▶ [Material supplied]
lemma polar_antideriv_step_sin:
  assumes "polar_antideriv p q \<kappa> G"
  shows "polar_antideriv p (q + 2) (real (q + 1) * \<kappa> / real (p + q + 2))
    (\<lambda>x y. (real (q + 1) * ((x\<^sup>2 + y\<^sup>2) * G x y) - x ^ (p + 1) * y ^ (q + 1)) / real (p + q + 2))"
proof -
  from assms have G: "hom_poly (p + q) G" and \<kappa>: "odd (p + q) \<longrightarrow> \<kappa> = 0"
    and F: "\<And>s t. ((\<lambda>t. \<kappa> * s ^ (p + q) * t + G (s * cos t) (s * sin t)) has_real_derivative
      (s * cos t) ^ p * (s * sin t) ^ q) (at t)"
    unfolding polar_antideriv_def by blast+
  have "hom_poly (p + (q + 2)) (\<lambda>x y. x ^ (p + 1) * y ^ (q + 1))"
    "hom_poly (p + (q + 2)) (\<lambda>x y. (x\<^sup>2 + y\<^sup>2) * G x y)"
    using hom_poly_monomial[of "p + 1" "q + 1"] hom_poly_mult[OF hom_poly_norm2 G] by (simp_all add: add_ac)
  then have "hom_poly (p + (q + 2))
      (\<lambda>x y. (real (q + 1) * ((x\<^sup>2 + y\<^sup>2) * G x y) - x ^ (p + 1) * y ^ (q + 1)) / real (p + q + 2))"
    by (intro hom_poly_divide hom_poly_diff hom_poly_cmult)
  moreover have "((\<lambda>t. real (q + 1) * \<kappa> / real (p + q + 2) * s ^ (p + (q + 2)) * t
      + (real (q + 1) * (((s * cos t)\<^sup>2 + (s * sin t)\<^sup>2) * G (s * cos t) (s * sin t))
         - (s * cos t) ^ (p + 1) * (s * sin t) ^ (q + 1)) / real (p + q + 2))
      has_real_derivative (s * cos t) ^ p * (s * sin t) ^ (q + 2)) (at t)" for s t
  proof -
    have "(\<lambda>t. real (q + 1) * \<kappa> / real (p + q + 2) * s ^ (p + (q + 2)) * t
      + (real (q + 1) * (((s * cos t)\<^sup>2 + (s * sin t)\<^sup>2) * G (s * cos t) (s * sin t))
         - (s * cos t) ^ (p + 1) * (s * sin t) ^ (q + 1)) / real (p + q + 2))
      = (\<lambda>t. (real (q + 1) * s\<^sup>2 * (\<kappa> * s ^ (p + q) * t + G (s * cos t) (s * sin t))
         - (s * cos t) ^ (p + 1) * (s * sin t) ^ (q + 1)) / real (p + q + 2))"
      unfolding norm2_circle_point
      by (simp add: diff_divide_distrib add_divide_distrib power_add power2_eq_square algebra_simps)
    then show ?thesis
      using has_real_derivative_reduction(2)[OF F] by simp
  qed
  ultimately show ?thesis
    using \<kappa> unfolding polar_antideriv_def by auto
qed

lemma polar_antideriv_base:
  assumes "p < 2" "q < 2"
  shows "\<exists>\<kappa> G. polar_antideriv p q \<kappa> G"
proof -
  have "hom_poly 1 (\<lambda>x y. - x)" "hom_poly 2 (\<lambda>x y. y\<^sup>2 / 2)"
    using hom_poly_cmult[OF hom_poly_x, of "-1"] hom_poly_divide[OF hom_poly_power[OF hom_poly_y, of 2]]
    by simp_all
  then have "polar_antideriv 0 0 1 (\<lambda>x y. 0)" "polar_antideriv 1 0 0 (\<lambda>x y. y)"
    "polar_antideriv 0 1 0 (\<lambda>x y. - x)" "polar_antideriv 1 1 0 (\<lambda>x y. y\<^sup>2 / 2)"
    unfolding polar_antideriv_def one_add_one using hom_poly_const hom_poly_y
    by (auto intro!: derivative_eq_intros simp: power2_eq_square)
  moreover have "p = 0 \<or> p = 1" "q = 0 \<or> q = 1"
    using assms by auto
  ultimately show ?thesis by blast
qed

==

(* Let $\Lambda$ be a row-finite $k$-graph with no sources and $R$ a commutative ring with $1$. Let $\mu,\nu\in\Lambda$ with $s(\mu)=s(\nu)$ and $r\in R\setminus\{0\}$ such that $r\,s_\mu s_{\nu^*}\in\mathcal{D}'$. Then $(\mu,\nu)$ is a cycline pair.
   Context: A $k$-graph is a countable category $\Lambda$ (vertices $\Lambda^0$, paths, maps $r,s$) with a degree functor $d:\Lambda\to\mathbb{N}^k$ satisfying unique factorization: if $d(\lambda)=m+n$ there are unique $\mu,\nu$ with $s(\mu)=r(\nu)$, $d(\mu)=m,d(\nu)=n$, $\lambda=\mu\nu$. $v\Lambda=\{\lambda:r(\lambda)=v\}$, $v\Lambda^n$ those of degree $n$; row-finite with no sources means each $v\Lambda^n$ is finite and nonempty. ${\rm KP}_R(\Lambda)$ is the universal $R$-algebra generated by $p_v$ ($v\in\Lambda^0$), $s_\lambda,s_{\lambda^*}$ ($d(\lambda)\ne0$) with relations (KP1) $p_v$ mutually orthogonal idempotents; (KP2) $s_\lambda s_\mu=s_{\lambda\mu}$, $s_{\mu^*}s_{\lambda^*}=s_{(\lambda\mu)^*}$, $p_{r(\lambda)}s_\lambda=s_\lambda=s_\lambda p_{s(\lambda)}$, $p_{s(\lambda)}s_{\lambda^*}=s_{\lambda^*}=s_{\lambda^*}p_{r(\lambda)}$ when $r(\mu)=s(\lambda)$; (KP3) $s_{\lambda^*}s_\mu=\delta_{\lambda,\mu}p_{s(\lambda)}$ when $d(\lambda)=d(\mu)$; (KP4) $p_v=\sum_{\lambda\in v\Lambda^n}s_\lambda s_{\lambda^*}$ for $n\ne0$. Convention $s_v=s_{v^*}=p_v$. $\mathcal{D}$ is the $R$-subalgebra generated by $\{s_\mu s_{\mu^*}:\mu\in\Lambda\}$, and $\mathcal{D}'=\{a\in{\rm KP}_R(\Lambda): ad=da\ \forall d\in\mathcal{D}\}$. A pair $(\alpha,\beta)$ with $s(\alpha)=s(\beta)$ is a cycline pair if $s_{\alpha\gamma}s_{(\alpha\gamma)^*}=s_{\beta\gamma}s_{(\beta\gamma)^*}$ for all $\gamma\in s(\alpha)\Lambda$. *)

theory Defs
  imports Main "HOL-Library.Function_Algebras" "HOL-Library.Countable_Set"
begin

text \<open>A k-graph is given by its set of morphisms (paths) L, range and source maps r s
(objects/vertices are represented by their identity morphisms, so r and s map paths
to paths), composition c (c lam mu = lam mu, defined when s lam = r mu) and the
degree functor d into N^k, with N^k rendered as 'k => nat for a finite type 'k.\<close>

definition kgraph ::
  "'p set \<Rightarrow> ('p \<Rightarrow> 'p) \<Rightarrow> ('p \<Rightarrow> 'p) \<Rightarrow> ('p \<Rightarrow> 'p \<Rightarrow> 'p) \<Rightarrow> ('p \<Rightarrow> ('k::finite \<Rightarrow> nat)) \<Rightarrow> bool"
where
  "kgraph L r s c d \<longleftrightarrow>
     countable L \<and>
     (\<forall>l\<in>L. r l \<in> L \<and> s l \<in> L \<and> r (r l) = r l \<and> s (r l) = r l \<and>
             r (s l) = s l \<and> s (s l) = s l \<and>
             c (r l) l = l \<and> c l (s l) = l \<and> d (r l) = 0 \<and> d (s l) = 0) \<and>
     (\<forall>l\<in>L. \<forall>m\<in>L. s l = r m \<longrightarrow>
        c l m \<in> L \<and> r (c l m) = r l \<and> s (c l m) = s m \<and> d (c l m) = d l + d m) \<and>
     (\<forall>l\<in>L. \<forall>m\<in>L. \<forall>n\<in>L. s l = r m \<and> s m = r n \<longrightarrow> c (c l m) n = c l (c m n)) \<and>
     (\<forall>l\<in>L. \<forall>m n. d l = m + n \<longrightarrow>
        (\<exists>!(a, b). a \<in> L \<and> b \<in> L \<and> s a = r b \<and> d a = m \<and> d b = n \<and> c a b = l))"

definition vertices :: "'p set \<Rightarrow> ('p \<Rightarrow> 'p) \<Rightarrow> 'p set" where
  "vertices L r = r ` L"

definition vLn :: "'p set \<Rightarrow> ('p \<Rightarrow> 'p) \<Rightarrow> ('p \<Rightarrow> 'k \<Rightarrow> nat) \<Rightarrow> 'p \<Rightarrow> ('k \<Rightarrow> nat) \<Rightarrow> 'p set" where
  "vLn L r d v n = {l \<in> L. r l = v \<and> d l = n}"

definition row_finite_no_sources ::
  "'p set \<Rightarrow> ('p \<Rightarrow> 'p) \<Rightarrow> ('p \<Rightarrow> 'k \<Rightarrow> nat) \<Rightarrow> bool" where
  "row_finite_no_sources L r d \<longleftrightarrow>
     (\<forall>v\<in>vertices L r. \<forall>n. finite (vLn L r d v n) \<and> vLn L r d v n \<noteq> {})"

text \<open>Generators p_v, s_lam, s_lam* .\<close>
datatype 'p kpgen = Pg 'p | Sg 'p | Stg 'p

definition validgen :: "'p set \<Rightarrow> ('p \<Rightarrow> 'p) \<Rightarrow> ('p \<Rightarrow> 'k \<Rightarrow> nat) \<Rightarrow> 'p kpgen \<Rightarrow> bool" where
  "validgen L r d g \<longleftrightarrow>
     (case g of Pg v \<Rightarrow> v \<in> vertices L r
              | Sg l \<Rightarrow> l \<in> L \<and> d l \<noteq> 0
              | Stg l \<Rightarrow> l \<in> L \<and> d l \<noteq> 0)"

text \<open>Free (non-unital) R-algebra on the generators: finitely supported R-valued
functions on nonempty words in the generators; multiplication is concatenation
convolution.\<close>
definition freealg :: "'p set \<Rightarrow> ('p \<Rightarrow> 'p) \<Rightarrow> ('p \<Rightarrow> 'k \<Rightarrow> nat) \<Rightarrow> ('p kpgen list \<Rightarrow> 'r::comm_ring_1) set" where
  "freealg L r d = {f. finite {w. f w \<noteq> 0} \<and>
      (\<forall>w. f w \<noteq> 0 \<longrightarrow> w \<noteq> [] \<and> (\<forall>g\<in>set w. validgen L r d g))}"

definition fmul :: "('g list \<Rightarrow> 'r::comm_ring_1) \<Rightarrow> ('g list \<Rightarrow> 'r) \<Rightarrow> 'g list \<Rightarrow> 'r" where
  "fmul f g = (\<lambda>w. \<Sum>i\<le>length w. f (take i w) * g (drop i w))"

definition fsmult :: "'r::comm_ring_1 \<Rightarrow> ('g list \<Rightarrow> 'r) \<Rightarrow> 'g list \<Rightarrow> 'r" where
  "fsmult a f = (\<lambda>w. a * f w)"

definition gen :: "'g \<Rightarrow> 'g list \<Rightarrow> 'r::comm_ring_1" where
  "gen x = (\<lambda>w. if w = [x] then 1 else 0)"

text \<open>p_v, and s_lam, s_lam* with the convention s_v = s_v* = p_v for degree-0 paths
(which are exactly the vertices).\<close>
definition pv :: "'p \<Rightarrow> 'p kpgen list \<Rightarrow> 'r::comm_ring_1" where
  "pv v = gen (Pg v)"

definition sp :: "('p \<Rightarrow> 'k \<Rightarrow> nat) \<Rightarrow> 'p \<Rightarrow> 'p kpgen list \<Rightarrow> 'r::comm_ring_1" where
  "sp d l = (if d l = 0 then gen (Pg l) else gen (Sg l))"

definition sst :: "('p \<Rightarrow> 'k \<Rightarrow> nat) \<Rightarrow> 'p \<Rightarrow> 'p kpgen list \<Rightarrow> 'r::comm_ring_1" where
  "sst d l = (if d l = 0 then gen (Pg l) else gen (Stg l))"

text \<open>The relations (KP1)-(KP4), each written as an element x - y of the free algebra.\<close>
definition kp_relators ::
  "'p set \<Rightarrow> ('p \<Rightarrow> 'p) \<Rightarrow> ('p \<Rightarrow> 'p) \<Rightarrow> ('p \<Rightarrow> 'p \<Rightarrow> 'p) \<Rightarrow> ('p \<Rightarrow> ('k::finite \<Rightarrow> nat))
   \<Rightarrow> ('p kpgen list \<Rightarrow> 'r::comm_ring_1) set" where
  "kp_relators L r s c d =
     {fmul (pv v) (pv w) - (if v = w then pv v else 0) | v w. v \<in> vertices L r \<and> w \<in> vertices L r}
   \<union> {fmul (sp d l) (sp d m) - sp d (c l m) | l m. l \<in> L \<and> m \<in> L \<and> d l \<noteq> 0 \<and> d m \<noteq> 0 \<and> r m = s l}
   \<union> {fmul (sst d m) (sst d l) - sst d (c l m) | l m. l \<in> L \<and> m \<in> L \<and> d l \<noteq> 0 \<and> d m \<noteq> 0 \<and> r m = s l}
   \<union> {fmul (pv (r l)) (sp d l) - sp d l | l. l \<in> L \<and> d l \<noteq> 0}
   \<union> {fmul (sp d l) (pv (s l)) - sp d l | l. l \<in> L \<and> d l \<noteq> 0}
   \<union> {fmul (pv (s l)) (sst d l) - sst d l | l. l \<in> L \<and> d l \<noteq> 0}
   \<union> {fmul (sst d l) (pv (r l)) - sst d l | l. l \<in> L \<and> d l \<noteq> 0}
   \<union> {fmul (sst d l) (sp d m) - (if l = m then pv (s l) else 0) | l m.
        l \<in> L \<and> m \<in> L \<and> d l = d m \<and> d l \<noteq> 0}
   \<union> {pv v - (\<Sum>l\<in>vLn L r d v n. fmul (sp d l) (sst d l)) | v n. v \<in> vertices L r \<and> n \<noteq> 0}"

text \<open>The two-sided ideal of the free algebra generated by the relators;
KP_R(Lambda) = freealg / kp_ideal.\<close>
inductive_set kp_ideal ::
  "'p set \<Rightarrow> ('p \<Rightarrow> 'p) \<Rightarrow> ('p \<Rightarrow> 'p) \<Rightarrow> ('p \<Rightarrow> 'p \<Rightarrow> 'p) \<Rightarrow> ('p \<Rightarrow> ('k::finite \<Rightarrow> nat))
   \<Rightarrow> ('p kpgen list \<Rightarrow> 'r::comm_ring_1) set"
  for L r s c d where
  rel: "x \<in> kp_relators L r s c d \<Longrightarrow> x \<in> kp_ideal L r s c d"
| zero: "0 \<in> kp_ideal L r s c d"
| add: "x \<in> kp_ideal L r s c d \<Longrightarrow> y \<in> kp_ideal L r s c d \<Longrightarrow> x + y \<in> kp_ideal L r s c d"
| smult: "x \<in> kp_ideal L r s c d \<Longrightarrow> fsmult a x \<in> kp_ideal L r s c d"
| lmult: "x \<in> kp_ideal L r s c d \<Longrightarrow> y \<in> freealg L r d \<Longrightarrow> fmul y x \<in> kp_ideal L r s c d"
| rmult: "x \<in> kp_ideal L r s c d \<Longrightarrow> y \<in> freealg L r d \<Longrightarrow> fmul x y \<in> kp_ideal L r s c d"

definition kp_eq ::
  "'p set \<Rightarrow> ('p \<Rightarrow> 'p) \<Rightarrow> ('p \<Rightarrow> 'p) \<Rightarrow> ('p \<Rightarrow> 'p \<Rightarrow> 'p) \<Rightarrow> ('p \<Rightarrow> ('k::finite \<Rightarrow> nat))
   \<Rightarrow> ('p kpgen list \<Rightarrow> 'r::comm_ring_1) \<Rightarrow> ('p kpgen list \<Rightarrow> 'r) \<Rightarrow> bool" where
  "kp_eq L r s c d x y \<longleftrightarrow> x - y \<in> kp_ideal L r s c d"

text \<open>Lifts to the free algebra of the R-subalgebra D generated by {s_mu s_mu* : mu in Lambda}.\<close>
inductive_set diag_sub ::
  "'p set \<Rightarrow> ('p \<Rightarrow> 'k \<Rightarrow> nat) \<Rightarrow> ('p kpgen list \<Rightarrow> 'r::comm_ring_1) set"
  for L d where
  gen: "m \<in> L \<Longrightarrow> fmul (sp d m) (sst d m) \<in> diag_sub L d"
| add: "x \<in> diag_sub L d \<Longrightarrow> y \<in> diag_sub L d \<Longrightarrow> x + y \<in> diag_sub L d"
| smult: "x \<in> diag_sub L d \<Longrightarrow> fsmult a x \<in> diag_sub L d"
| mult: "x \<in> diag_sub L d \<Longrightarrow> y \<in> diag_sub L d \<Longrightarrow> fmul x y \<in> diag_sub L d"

▶ [The problem]
Please transcribe exactly the lines above from the line that has "d \<Longrightarrow> y \<in> kp_ideal" up to and including the line that has "set \<Rightarrow> ('p \<Rightarrow> 'k"; no other line belongs in the answer.

▶ [Answer below]
| add: "x \<in> kp_ideal L r s c d \<Longrightarrow> y \<in> kp_ideal L r s c d \<Longrightarrow> x + y \<in> kp_ideal L r s c d"
| smult: "x \<in> kp_ideal L r s c d \<Longrightarrow> fsmult a x \<in> kp_ideal L r s c d"
| lmult: "x \<in> kp_ideal L r s c d \<Longrightarrow> y \<in> freealg L r d \<Longrightarrow> fmul y x \<in> kp_ideal L r s c d"
| rmult: "x \<in> kp_ideal L r s c d \<Longrightarrow> y \<in> freealg L r d \<Longrightarrow> fmul x y \<in> kp_ideal L r s c d"

definition kp_eq ::
  "'p set \<Rightarrow> ('p \<Rightarrow> 'p) \<Rightarrow> ('p \<Rightarrow> 'p) \<Rightarrow> ('p \<Rightarrow> 'p \<Rightarrow> 'p) \<Rightarrow> ('p \<Rightarrow> ('k::finite \<Rightarrow> nat))
   \<Rightarrow> ('p kpgen list \<Rightarrow> 'r::comm_ring_1) \<Rightarrow> ('p kpgen list \<Rightarrow> 'r) \<Rightarrow> bool" where
  "kp_eq L r s c d x y \<longleftrightarrow> x - y \<in> kp_ideal L r s c d"

text \<open>Lifts to the free algebra of the R-subalgebra D generated by {s_mu s_mu* : mu in Lambda}.\<close>
inductive_set diag_sub ::
  "'p set \<Rightarrow> ('p \<Rightarrow> 'k \<Rightarrow> nat) \<Rightarrow> ('p kpgen list \<Rightarrow> 'r::comm_ring_1) set"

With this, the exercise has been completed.